• _GIVEN DATA_

lemma control_point_descent:
  assumes rule: "subst_rule A lam \<omega>" and fixed: "subst_patch A lam \<omega> \<T> = \<T>"
    and nonempty: "\<forall>P\<in>A. fst P \<noteq> {}" and r: "\<forall>P\<in>A. \<forall>y\<in>fst P. norm y \<le> r"
    and "s \<in> control_points A \<T>"
  obtains x where "x \<in> control_points A \<T>" "s - lam *\<^sub>R x \<in> digits A \<omega>"
    "norm x \<le> (norm s + r) / \<bar>lam\<bar> + r"
proof -
  obtain P where "P \<in> A" "ttrans P s \<in> \<T>"
    using assms(5) by (auto simp: control_points_def)
  then have "ttrans P s \<in> subst_patch A lam \<omega> \<T>" using fixed by simp
  then obtain S where "S \<in> \<T>" "ttrans P s \<in> subst_tile A lam \<omega> S"
    unfolding subst_patch_def by blast
  then obtain Q x where "Q \<in> A" "ttrans Q x \<in> \<T>" "ttrans P s \<in> ptrans (\<omega> Q) (lam *\<^sub>R x)"
    unfolding subst_tile_def by blast
  then have super: "ttrans P (s - lam *\<^sub>R x) \<in> \<omega> Q" by (simp add: ttrans_in_ptrans_iff)
  have "x \<in> control_points A \<T>"
    using \<open>Q \<in> A\<close> \<open>ttrans Q x \<in> \<T>\<close> by (auto simp: control_points_def)
  moreover have "s - lam *\<^sub>R x \<in> digits A \<omega>"
    using \<open>P \<in> A\<close> \<open>Q \<in> A\<close> super by (auto simp: digits_def)
  moreover have "norm x \<le> (norm s + r) / \<bar>lam\<bar> + r"
  proof -
    obtain a where "a \<in> fst P" using nonempty \<open>P \<in> A\<close> by (meson ex_in_conv)
    have "fst (ttrans P (s - lam *\<^sub>R x)) \<subseteq> (\<Union>T\<in>\<omega> Q. fst T)"
      using super by (rule UN_upper)
    also have "\<dots> \<subseteq> supp (\<omega> Q)" unfolding supp_def by (rule closure_subset)
    also have "supp (\<omega> Q) = (\<lambda>y. lam *\<^sub>R y) ` fst Q"
      using subst_ruleD(5)[OF rule \<open>Q \<in> A\<close>] .
    finally obtain b where "b \<in> fst Q" and "a + (s - lam *\<^sub>R x) = lam *\<^sub>R b"
      using \<open>a \<in> fst P\<close> by auto
    then have "a + s = lam *\<^sub>R (x + b)" by (simp add: algebra_simps)
    moreover have "lam \<noteq> 0" using subst_ruleD(3)[OF rule] by auto
    ultimately show ?thesis
      using rescaled_norm_bound r \<open>P \<in> A\<close> \<open>a \<in> fst P\<close> \<open>Q \<in> A\<close> \<open>b \<in> fst Q\<close> by blast
  qed
  ultimately show ?thesis using that by blast
qed

lemma bounded_by_norm_descent:
  fixes f :: "'a::real_normed_vector \<Rightarrow> real"
  assumes base: "finite {s \<in> S. norm s \<le> R}" and "0 \<le> c" and "c < 1"
    and descent: "\<And>s. s \<in> S \<Longrightarrow> R < norm s \<Longrightarrow> \<exists>x\<in>S. norm x \<le> norm s - 1 \<and> f s \<le> c * f x + M"
  obtains B where "\<And>s. s \<in> S \<Longrightarrow> f s \<le> B"
proof -
  define B where "B = max (\<Sum>s\<in>{s \<in> S. norm s \<le> R}. \<bar>f s\<bar>) (M / (1 - c))"
  have "M / (1 - c) \<le> B" by (simp add: B_def)
  then have "M \<le> (1 - c) * B"
    using \<open>c < 1\<close> by (simp add: pos_divide_le_eq mult.commute)
  then have step: "c * B + M \<le> B" by (simp add: algebra_simps)
  have "f s \<le> B" if "s \<in> S" "norm s \<le> real k" for k s
    using that
  proof (induction k arbitrary: s rule: less_induct)
    case (less k)
    show ?case
    proof (cases "norm s \<le> R")
      case True
      then have "\<bar>f s\<bar> \<le> (\<Sum>s\<in>{s \<in> S. norm s \<le> R}. \<bar>f s\<bar>)"
        using base less.prems by (intro member_le_sum) auto
      then show ?thesis unfolding B_def by linarith
    next
      case False
      then have "R < norm s" by simp
      then obtain x where "x \<in> S" "norm x \<le> norm s - 1" and fs: "f s \<le> c * f x + M"
        using descent less.prems(1) by blast
      then have "1 \<le> real k" using less.prems(2) norm_ge_zero[of x] by linarith
      then have "k - 1 < k" by simp
      have "norm x \<le> real (k - 1)"
        using \<open>1 \<le> real k\<close> \<open>norm x \<le> norm s - 1\<close> less.prems(2) by simp
      with less.IH[OF \<open>k - 1 < k\<close> \<open>x \<in> S\<close>] have "f x \<le> B" .
      then have "f s \<le> c * B + M" using fs \<open>0 \<le> c\<close> by (meson add_right_mono mult_left_mono order_trans)
      with step show ?thesis by linarith
    qed
  qed
  then show ?thesis using that real_nat_ceiling_ge by blast
qed

lemma contraction_margin:
  fixes l r t :: real
  assumes "l > 1" and "(r + l * r + l) / (l - 1) < t"
  shows "(t + r) / l + r \<le> t - 1"
proof -
  have "r + l * r + l < (l - 1) * t" using assms by (simp add: pos_divide_less_eq mult.commute)
  then have "t + r \<le> (t - 1 - r) * l" by (simp add: algebra_simps)
  then have "(t + r) / l \<le> t - 1 - r" using \<open>l > 1\<close> by (subst pos_divide_le_eq) auto
  then show ?thesis by simp
qed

• _PROBLEM DESCRIPTION_
The whole listing should be copied verbatim.

• _FINISHED EXERCISE_
lemma control_point_descent:
  assumes rule: "subst_rule A lam \<omega>" and fixed: "subst_patch A lam \<omega> \<T> = \<T>"
    and nonempty: "\<forall>P\<in>A. fst P \<noteq> {}" and r: "\<forall>P\<in>A. \<forall>y\<in>fst P. norm y \<le> r"
    and "s \<in> control_points A \<T>"
  obtains x where "x \<in> control_points A \<T>" "s - lam *\<^sub>R x \<in> digits A \<omega>"
    "norm x \<le> (norm s + r) / \<bar>lam\<bar> + r"
proof -
  obtain P where "P \<in> A" "ttrans P s \<in> \<T>"
    using assms(5) by (auto simp: control_points_def)
  then have "ttrans P s \<in> subst_patch A lam \<omega> \<T>" using fixed by simp
  then obtain S where "S \<in> \<T>" "ttrans P s \<in> subst_tile A lam \<omega> S"
    unfolding subst_patch_def by blast
  then obtain Q x where "Q \<in> A" "ttrans Q x \<in> \<T>" "ttrans P s \<in> ptrans (\<omega> Q) (lam *\<^sub>R x)"
    unfolding subst_tile_def by blast
  then have super: "ttrans P (s - lam *\<^sub>R x) \<in> \<omega> Q" by (simp add: ttrans_in_ptrans_iff)
  have "x \<in> control_points A \<T>"
    using \<open>Q \<in> A\<close> \<open>ttrans Q x \<in> \<T>\<close> by (auto simp: control_points_def)
  moreover have "s - lam *\<^sub>R x \<in> digits A \<omega>"
    using \<open>P \<in> A\<close> \<open>Q \<in> A\<close> super by (auto simp: digits_def)
  moreover have "norm x \<le> (norm s + r) / \<bar>lam\<bar> + r"
  proof -
    obtain a where "a \<in> fst P" using nonempty \<open>P \<in> A\<close> by (meson ex_in_conv)
    have "fst (ttrans P (s - lam *\<^sub>R x)) \<subseteq> (\<Union>T\<in>\<omega> Q. fst T)"
      using super by (rule UN_upper)
    also have "\<dots> \<subseteq> supp (\<omega> Q)" unfolding supp_def by (rule closure_subset)
    also have "supp (\<omega> Q) = (\<lambda>y. lam *\<^sub>R y) ` fst Q"
      using subst_ruleD(5)[OF rule \<open>Q \<in> A\<close>] .
    finally obtain b where "b \<in> fst Q" and "a + (s - lam *\<^sub>R x) = lam *\<^sub>R b"
      using \<open>a \<in> fst P\<close> by auto
    then have "a + s = lam *\<^sub>R (x + b)" by (simp add: algebra_simps)
    moreover have "lam \<noteq> 0" using subst_ruleD(3)[OF rule] by auto
    ultimately show ?thesis
      using rescaled_norm_bound r \<open>P \<in> A\<close> \<open>a \<in> fst P\<close> \<open>Q \<in> A\<close> \<open>b \<in> fst Q\<close> by blast
  qed
  ultimately show ?thesis using that by blast
qed

lemma bounded_by_norm_descent:
  fixes f :: "'a::real_normed_vector \<Rightarrow> real"
  assumes base: "finite {s \<in> S. norm s \<le> R}" and "0 \<le> c" and "c < 1"
    and descent: "\<And>s. s \<in> S \<Longrightarrow> R < norm s \<Longrightarrow> \<exists>x\<in>S. norm x \<le> norm s - 1 \<and> f s \<le> c * f x + M"
  obtains B where "\<And>s. s \<in> S \<Longrightarrow> f s \<le> B"
proof -
  define B where "B = max (\<Sum>s\<in>{s \<in> S. norm s \<le> R}. \<bar>f s\<bar>) (M / (1 - c))"
  have "M / (1 - c) \<le> B" by (simp add: B_def)
  then have "M \<le> (1 - c) * B"
    using \<open>c < 1\<close> by (simp add: pos_divide_le_eq mult.commute)
  then have step: "c * B + M \<le> B" by (simp add: algebra_simps)
  have "f s \<le> B" if "s \<in> S" "norm s \<le> real k" for k s
    using that
  proof (induction k arbitrary: s rule: less_induct)
    case (less k)
    show ?case
    proof (cases "norm s \<le> R")
      case True
      then have "\<bar>f s\<bar> \<le> (\<Sum>s\<in>{s \<in> S. norm s \<le> R}. \<bar>f s\<bar>)"
        using base less.prems by (intro member_le_sum) auto
      then show ?thesis unfolding B_def by linarith
    next
      case False
      then have "R < norm s" by simp
      then obtain x where "x \<in> S" "norm x \<le> norm s - 1" and fs: "f s \<le> c * f x + M"
        using descent less.prems(1) by blast
      then have "1 \<le> real k" using less.prems(2) norm_ge_zero[of x] by linarith
      then have "k - 1 < k" by simp
      have "norm x \<le> real (k - 1)"
        using \<open>1 \<le> real k\<close> \<open>norm x \<le> norm s - 1\<close> less.prems(2) by simp
      with less.IH[OF \<open>k - 1 < k\<close> \<open>x \<in> S\<close>] have "f x \<le> B" .
      then have "f s \<le> c * B + M" using fs \<open>0 \<le> c\<close> by (meson add_right_mono mult_left_mono order_trans)
      with step show ?thesis by linarith
    qed
  qed
  then show ?thesis using that real_nat_ceiling_ge by blast
qed

lemma contraction_margin:
  fixes l r t :: real
  assumes "l > 1" and "(r + l * r + l) / (l - 1) < t"
  shows "(t + r) / l + r \<le> t - 1"
proof -
  have "r + l * r + l < (l - 1) * t" using assms by (simp add: pos_divide_less_eq mult.commute)
  then have "t + r \<le> (t - 1 - r) * l" by (simp add: algebra_simps)
  then have "(t + r) / l \<le> t - 1 - r" using \<open>l > 1\<close> by (subst pos_divide_le_eq) auto
  then show ?thesis by simp
qed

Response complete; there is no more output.